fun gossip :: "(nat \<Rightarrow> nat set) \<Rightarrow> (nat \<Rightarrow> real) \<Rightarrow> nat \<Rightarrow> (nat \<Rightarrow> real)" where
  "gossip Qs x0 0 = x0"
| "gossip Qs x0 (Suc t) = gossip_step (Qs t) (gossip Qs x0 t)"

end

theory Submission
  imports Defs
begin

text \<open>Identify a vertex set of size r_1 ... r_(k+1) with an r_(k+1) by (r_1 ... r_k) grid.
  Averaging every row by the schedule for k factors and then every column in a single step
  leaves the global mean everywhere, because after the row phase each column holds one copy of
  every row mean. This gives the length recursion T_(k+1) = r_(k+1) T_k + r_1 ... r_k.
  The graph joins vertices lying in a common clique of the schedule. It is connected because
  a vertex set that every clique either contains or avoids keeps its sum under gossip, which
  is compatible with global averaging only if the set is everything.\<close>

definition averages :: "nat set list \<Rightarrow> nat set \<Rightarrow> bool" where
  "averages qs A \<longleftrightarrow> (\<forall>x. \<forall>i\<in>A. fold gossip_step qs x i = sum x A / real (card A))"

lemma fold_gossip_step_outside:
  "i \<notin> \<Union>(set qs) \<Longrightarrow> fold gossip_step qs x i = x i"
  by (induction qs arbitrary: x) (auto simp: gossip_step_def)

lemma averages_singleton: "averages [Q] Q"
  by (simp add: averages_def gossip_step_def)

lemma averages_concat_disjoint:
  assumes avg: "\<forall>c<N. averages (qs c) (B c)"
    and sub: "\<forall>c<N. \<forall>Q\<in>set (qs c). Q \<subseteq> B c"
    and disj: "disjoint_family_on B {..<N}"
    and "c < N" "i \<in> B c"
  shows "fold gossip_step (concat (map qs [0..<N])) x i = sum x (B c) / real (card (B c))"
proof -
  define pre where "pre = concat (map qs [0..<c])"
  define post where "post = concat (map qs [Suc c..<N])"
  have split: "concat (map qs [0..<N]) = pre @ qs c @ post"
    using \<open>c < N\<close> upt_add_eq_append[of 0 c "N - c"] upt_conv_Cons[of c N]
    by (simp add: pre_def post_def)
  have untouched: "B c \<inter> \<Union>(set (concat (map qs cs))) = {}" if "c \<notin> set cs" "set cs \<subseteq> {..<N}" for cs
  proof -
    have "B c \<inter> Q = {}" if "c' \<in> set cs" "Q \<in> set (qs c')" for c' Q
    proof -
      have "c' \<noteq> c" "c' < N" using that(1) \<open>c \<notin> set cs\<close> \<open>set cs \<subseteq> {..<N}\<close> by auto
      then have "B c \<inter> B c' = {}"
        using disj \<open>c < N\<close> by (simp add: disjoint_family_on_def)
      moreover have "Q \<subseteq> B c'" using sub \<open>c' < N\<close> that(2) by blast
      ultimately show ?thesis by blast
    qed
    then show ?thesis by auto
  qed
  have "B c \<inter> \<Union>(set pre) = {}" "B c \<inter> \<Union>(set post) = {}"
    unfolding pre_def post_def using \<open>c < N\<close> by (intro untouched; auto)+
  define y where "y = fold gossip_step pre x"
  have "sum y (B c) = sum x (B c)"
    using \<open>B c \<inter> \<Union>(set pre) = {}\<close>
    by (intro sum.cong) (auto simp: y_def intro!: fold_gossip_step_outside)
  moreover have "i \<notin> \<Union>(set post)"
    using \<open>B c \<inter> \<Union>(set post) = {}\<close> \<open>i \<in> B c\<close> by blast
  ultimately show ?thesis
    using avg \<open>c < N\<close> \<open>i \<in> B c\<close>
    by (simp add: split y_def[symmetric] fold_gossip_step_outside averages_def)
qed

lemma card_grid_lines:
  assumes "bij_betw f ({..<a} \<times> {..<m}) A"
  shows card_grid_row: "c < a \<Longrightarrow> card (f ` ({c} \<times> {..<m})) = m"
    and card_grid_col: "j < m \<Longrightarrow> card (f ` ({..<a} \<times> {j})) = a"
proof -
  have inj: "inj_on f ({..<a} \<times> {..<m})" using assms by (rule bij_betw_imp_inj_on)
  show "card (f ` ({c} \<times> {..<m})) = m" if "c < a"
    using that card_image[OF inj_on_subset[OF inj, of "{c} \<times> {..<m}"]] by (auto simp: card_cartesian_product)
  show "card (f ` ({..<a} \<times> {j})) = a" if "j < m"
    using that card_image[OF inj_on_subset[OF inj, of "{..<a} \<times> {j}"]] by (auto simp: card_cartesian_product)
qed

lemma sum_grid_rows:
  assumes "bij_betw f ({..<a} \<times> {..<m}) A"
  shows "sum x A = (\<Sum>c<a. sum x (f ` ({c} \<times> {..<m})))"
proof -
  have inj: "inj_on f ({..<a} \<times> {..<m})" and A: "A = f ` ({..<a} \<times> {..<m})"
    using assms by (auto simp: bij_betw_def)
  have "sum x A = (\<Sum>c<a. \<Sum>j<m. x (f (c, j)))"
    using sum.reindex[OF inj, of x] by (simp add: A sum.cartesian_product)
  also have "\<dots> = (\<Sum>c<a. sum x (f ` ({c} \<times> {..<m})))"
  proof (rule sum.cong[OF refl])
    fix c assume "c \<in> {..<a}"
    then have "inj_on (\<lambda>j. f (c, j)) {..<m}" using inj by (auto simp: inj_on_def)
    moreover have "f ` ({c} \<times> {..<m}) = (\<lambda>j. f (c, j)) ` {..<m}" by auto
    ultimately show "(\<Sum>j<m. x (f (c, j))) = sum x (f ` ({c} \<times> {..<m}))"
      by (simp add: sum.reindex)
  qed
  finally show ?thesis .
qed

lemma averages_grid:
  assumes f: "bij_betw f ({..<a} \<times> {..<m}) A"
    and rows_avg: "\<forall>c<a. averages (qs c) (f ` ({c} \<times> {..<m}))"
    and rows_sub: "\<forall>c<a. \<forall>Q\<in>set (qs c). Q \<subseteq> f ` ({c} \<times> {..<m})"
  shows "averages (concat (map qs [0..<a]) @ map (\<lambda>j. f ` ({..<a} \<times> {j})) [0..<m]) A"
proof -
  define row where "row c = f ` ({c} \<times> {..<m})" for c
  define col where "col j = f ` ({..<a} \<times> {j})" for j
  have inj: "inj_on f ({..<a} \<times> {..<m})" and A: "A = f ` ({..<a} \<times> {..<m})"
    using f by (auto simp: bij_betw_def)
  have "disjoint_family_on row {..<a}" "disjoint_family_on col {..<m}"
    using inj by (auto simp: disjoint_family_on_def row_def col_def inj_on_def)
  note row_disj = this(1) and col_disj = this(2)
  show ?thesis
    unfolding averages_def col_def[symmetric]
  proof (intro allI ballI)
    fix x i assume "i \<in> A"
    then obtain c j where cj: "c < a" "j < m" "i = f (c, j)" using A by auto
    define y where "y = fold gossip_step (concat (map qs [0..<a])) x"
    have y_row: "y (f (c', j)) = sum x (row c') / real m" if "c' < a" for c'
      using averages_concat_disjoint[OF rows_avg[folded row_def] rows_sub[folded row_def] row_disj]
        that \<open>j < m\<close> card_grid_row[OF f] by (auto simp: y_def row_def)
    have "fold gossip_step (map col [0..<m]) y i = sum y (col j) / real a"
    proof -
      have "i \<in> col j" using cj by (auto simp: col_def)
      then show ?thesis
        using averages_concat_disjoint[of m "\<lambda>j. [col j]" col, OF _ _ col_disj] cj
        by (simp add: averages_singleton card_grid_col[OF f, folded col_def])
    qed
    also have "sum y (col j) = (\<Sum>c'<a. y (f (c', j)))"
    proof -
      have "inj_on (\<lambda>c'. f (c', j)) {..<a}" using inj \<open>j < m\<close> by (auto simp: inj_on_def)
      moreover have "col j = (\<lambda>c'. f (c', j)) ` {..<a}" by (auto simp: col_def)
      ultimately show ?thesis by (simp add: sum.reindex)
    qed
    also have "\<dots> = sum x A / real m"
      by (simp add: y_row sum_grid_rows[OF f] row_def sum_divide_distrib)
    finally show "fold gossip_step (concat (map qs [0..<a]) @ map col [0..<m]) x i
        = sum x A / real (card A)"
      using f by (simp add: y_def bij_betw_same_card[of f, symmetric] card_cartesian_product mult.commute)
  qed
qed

▬▬▬▬▬▬

* Directions
Determine the number of lines in the entries that contain the word "dots". Give that number and nothing more.

* Finished task
2